(Beginning of DATA LISTING)

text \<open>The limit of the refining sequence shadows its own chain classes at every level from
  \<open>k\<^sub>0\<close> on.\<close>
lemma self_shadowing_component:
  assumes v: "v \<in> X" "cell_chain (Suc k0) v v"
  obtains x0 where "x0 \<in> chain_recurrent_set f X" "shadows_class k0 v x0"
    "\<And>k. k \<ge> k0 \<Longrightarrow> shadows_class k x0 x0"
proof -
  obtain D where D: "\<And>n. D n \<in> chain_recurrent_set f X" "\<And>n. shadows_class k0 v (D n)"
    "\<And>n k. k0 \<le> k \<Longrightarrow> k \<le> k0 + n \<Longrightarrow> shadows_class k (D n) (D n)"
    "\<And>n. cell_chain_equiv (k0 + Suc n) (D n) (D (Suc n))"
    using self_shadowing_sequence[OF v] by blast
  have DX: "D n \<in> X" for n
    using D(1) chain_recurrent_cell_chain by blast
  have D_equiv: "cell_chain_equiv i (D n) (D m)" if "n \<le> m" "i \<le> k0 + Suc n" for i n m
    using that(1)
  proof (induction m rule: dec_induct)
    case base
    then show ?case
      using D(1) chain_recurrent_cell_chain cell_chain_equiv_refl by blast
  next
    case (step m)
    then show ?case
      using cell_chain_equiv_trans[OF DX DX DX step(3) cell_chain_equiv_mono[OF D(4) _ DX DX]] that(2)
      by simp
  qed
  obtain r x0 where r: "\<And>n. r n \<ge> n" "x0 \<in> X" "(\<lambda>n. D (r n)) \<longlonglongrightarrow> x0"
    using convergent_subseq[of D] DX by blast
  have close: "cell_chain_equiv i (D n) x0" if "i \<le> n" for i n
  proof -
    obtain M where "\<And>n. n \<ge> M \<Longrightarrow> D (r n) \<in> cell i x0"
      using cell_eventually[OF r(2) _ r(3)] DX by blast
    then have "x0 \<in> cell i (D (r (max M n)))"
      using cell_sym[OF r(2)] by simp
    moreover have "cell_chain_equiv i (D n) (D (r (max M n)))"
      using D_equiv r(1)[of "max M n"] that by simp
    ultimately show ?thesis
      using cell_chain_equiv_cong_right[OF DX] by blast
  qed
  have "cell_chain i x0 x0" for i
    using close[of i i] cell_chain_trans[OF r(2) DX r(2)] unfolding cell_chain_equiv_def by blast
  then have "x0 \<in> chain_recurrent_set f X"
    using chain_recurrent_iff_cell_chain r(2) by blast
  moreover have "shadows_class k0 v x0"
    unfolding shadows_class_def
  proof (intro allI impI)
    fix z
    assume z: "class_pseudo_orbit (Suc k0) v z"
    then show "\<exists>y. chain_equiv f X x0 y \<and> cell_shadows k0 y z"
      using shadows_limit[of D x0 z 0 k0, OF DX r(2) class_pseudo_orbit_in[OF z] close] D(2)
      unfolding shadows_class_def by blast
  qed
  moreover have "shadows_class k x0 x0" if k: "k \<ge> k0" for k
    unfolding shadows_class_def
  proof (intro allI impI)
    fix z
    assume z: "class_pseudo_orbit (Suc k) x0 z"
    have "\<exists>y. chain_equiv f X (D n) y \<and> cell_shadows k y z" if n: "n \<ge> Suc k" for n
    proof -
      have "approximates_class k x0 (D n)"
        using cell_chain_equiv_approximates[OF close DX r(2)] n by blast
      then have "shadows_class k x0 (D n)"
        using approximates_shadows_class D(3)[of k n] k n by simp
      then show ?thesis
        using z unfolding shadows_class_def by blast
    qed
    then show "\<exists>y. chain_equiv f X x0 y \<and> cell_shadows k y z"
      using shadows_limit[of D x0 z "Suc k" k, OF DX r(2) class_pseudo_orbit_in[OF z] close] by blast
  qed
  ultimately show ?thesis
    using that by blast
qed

(End of DATA LISTING)
(Beginning of DATA LISTING)

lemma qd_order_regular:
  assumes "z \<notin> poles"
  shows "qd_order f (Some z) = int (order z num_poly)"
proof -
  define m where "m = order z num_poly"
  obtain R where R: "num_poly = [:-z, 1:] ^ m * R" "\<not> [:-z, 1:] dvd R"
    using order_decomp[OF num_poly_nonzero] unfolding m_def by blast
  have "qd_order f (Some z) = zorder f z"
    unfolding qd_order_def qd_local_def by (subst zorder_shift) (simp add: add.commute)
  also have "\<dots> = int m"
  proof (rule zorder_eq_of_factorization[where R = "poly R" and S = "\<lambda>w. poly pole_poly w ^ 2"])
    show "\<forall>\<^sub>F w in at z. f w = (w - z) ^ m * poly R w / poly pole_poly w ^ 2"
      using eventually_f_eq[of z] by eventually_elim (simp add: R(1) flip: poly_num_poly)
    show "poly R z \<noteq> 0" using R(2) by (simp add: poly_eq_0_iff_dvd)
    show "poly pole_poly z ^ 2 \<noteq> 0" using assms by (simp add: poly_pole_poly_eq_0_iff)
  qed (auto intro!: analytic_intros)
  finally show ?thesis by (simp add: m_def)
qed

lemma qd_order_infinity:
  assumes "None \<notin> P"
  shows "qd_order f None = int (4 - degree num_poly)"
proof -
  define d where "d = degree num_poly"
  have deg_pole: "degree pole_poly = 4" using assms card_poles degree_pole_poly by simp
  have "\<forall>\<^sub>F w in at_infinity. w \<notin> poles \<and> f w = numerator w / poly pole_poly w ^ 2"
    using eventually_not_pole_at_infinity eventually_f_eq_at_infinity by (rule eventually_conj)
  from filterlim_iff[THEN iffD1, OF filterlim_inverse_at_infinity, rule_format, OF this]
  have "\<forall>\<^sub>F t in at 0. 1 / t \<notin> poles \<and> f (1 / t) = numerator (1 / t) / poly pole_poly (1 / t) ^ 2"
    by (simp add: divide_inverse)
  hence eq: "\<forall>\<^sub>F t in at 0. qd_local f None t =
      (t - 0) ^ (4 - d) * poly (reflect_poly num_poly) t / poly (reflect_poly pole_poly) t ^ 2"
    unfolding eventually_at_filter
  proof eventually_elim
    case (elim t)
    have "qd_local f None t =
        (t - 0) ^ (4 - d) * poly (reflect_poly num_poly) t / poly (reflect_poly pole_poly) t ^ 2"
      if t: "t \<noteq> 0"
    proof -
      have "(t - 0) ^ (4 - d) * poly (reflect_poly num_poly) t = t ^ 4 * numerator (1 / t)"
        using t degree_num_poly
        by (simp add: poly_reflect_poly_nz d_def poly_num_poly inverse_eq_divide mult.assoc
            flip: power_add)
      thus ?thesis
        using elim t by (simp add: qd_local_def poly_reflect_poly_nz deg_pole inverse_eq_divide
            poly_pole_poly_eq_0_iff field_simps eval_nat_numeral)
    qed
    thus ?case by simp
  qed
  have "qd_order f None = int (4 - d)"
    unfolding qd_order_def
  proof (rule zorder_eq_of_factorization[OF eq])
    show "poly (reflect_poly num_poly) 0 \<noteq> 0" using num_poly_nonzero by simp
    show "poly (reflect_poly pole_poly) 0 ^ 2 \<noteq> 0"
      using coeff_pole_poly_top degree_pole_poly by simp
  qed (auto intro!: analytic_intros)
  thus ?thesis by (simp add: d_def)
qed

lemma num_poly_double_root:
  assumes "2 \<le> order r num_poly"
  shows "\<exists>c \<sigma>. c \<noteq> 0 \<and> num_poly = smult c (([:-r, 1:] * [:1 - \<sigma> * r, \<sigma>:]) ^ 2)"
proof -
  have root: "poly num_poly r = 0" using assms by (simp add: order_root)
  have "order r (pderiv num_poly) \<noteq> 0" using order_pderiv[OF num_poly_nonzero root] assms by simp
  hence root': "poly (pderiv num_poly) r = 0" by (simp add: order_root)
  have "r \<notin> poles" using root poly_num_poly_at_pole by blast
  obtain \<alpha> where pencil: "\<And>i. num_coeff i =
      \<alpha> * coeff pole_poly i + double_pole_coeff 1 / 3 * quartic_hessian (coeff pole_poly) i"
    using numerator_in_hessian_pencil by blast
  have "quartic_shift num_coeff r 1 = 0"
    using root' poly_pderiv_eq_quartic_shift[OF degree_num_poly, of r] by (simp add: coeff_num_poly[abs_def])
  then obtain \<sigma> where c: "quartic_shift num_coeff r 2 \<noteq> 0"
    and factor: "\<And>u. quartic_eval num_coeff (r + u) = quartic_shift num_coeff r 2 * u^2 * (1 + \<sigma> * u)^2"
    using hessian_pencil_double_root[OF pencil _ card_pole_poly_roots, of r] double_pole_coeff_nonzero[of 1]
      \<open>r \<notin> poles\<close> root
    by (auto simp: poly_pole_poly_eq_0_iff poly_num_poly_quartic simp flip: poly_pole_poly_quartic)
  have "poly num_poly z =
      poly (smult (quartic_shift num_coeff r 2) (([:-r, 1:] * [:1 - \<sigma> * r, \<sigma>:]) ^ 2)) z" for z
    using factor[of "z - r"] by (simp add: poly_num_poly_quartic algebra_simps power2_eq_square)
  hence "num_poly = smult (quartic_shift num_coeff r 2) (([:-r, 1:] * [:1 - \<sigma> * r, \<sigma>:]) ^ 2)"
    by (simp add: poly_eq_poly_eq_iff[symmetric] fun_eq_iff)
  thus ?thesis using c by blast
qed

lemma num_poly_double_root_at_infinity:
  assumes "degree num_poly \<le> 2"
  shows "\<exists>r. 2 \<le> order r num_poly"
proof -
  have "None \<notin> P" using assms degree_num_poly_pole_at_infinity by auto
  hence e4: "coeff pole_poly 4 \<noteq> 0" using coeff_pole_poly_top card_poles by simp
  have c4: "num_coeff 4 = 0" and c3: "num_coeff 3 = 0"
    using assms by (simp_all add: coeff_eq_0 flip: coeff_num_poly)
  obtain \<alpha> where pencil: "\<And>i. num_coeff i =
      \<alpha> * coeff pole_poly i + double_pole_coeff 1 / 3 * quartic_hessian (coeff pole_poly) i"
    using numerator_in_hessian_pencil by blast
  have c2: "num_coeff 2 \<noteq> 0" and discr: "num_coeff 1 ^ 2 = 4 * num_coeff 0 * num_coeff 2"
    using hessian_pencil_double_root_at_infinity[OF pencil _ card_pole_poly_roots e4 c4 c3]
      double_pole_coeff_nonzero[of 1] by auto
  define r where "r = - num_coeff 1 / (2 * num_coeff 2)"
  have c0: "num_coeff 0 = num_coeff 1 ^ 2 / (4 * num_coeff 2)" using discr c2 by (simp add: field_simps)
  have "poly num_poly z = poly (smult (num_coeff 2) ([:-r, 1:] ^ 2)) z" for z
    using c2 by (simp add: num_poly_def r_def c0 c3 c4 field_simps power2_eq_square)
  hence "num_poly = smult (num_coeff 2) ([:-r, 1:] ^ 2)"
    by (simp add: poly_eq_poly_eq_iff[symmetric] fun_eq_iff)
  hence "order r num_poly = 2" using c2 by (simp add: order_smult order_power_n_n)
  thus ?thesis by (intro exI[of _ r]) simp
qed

(End of DATA LISTING)

Only the lines above starting at the one containing "text \<open>The limit" and ending at the one containing "cell_shadows k0 y", both included, are to be returned, exactly as they read.

● **RESPONSE TO THIS EXERCISE**
text \<open>The limit of the refining sequence shadows its own chain classes at every level from
  \<open>k\<^sub>0\<close> on.\<close>
lemma self_shadowing_component:
  assumes v: "v \<in> X" "cell_chain (Suc k0) v v"
  obtains x0 where "x0 \<in> chain_recurrent_set f X" "shadows_class k0 v x0"
    "\<And>k. k \<ge> k0 \<Longrightarrow> shadows_class k x0 x0"
proof -
  obtain D where D: "\<And>n. D n \<in> chain_recurrent_set f X" "\<And>n. shadows_class k0 v (D n)"
    "\<And>n k. k0 \<le> k \<Longrightarrow> k \<le> k0 + n \<Longrightarrow> shadows_class k (D n) (D n)"
    "\<And>n. cell_chain_equiv (k0 + Suc n) (D n) (D (Suc n))"
    using self_shadowing_sequence[OF v] by blast
  have DX: "D n \<in> X" for n
    using D(1) chain_recurrent_cell_chain by blast
  have D_equiv: "cell_chain_equiv i (D n) (D m)" if "n \<le> m" "i \<le> k0 + Suc n" for i n m
    using that(1)
  proof (induction m rule: dec_induct)
    case base
    then show ?case
      using D(1) chain_recurrent_cell_chain cell_chain_equiv_refl by blast
  next
    case (step m)
    then show ?case
      using cell_chain_equiv_trans[OF DX DX DX step(3) cell_chain_equiv_mono[OF D(4) _ DX DX]] that(2)
      by simp
  qed
  obtain r x0 where r: "\<And>n. r n \<ge> n" "x0 \<in> X" "(\<lambda>n. D (r n)) \<longlonglongrightarrow> x0"
    using convergent_subseq[of D] DX by blast
  have close: "cell_chain_equiv i (D n) x0" if "i \<le> n" for i n
  proof -
    obtain M where "\<And>n. n \<ge> M \<Longrightarrow> D (r n) \<in> cell i x0"
      using cell_eventually[OF r(2) _ r(3)] DX by blast
    then have "x0 \<in> cell i (D (r (max M n)))"
      using cell_sym[OF r(2)] by simp
    moreover have "cell_chain_equiv i (D n) (D (r (max M n)))"
      using D_equiv r(1)[of "max M n"] that by simp
    ultimately show ?thesis
      using cell_chain_equiv_cong_right[OF DX] by blast
  qed
  have "cell_chain i x0 x0" for i
    using close[of i i] cell_chain_trans[OF r(2) DX r(2)] unfolding cell_chain_equiv_def by blast
  then have "x0 \<in> chain_recurrent_set f X"
    using chain_recurrent_iff_cell_chain r(2) by blast
  moreover have "shadows_class k0 v x0"
    unfolding shadows_class_def
  proof (intro allI impI)
    fix z
    assume z: "class_pseudo_orbit (Suc k0) v z"
    then show "\<exists>y. chain_equiv f X x0 y \<and> cell_shadows k0 y z"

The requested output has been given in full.